|Please respect this beautiful area. Stay on established trails and do not trample any vegetation|
This route dictated where the bolts went, not all of the rock sounded good when hit with a hammer, so you might not like where the bolts are. However I personally find them very usable. The start might have some green slime around it. Start in a steep left facing corner, climb up passing 1 bolt to a mantle. From here find that sweet jug, lean out and clip the bolt. The holds are hard to find and use but they are there. There was a fixed chain draw on bolt 3 to help with the hard clip. After clipping the 3rd there are a few ways to do it, straight up (which is hardest) or going out left and coming back in the "line" (exciting!). The route feels a lot longer than 4 bolts!

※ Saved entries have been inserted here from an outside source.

(* In the energy-constrained joint sampling-and-routing problem described in the context, the optimal long-term average AoI $\lambda^\star$ satisfies $$0\le\lambda^\star\le\min_{k\in\mathcal{R}_\infty}\left(\frac{3\mu_k+w_k}{2}+\frac{\sigma_k^2}{2(\mu_k+w_k)}\right),\qquad w_k=\left(\frac{C_s+G_k\mu_k}{E_{\max}}-\mu_k\right)^+.$$
   Context: Routes and availability. There are $N$ routes. Route $k$ is available at each epoch independently with probability $p_k\in(0,1]$, and the set $\mathcal{R}_\infty=\{k:p_k=1\}$ of always-available routes is nonempty. Delays. Transmission delays are nonnegative and i.i.d. across epochs (possibly correlated across routes within an epoch). Route $k$ has delay distribution $Q_k$ with finite mean $\mu_k>0$ and finite variance $\sigma_k^2$. Operation. The system is generate-at-will and non-preemptive. After each delivery $D_i$, the controller picks an available route $R_i$ and a finite waiting time $Z_i\ge0$. The next sample is generated at $S_{i+1}=D_i+Z_i$ and delivered at $D_{i+1}=S_{i+1}+Y_{i+1,R_i}$. AoI. The AoI is $\Delta(t)=t-S_i$ for $D_i\le t<D_{i+1}$. Energy. Each sample costs $C_s>0$, and route $k$ costs $G_k\ge0$ per unit of transmission time. Hence update $i+1$ costs $E_{i+1}=C_s+G_{R_i}Y_{i+1,R_i}$. Optimization problem. $\lambda^\star$ is the minimum over causal stationary policies of $\limsup_{T\to\infty}\frac1T\mathbb{E}[\int_0^T\Delta(t)dt]$, subject to $\limsup_n \mathbb{E}[\sum_{i<n}E_{i+1}]/\mathbb{E}[\sum_{i<n}(Z_i+Y_{i+1,R_i})]\le E_{\max}$, where $E_{\max}>0$. *)

theory Defs
  imports "HOL-Probability.Probability"
begin

(* Model conventions:
   - routes: a finite type 'r;  per-epoch randomness: an outcome of type 'e drawn from M0;
     the whole sample path is a stream of i.i.d. epoch outcomes, measure  stream_space M0.
   - epoch j outcome e gives the availability vector  A e :: 'r => bool  (availability at the
     decision made after delivery D_j) and the delay vector  Y e :: 'r => real  (delays of the
     transmission delivered at D_j, i.e. Y_{j,k}).
   - a (deterministic) stationary policy maps the current state
       (Delta(D_i) = Y_i, availability vector at epoch i)  to  (route R_i, waiting time Z_i).
   - initial condition: S_0 = D_0 = 0 (so Y_0 = 0). *)

type_synonym ('r) policy = "real \<Rightarrow> ('r \<Rightarrow> bool) \<Rightarrow> 'r \<times> real"

text \<open>Y_i: the delay of the i-th update, i.e. the AoI right after delivery D_i.\<close>
fun lastdelay :: "'r policy \<Rightarrow> ('e \<Rightarrow> 'r \<Rightarrow> bool) \<Rightarrow> ('e \<Rightarrow> 'r \<Rightarrow> real)
                   \<Rightarrow> 'e stream \<Rightarrow> nat \<Rightarrow> real" where
  "lastdelay \<pi> A Y \<omega> 0 = 0"
| "lastdelay \<pi> A Y \<omega> (Suc i) =
     Y (\<omega> !! Suc i) (fst (\<pi> (lastdelay \<pi> A Y \<omega> i) (A (\<omega> !! i))))"

definition route :: "'r policy \<Rightarrow> ('e \<Rightarrow> 'r \<Rightarrow> bool) \<Rightarrow> ('e \<Rightarrow> 'r \<Rightarrow> real)
                   \<Rightarrow> 'e stream \<Rightarrow> nat \<Rightarrow> 'r" where
  "route \<pi> A Y \<omega> i = fst (\<pi> (lastdelay \<pi> A Y \<omega> i) (A (\<omega> !! i)))"

definition wait :: "'r policy \<Rightarrow> ('e \<Rightarrow> 'r \<Rightarrow> bool) \<Rightarrow> ('e \<Rightarrow> 'r \<Rightarrow> real)
                   \<Rightarrow> 'e stream \<Rightarrow> nat \<Rightarrow> real" where
  "wait \<pi> A Y \<omega> i = snd (\<pi> (lastdelay \<pi> A Y \<omega> i) (A (\<omega> !! i)))"

fun deliv :: "'r policy \<Rightarrow> ('e \<Rightarrow> 'r \<Rightarrow> bool) \<Rightarrow> ('e \<Rightarrow> 'r \<Rightarrow> real)
                   \<Rightarrow> 'e stream \<Rightarrow> nat \<Rightarrow> real" where
  "deliv \<pi> A Y \<omega> 0 = 0"
| "deliv \<pi> A Y \<omega> (Suc i) = deliv \<pi> A Y \<omega> i + wait \<pi> A Y \<omega> i + lastdelay \<pi> A Y \<omega> (Suc i)"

I personally wouldn't let any green horns belay me on this, attention is a must.
Start on the far right side of the Whipper Wall on the west side. A short scramble will put you at the base. Its the large roof on the far right side of the west face.
|By Sam Miller|
From: salt lake city, UT
Aug 5, 2012
Solid .11c, but not very fun.
|By Josh Triplett|
From: Bountiful, UT
Jul 17, 2014
rating: 5.11b 6c 23 VIII- 23 E3 5c
I almost blew the onsight on this route. The beta for the crux is a cyptic and committing. Clipping the 4th bolt can be exciting if you aren't tall. This route is harder read than it's neighbor, but it isn't as sustained so I would call it a tougher .11b
READER BEWARE BETA SPOILER: I used a bomber toe hook to clip the 4th. Requires good body tension, but it's bomber. That made all the difference and because of it I'll give it two stars.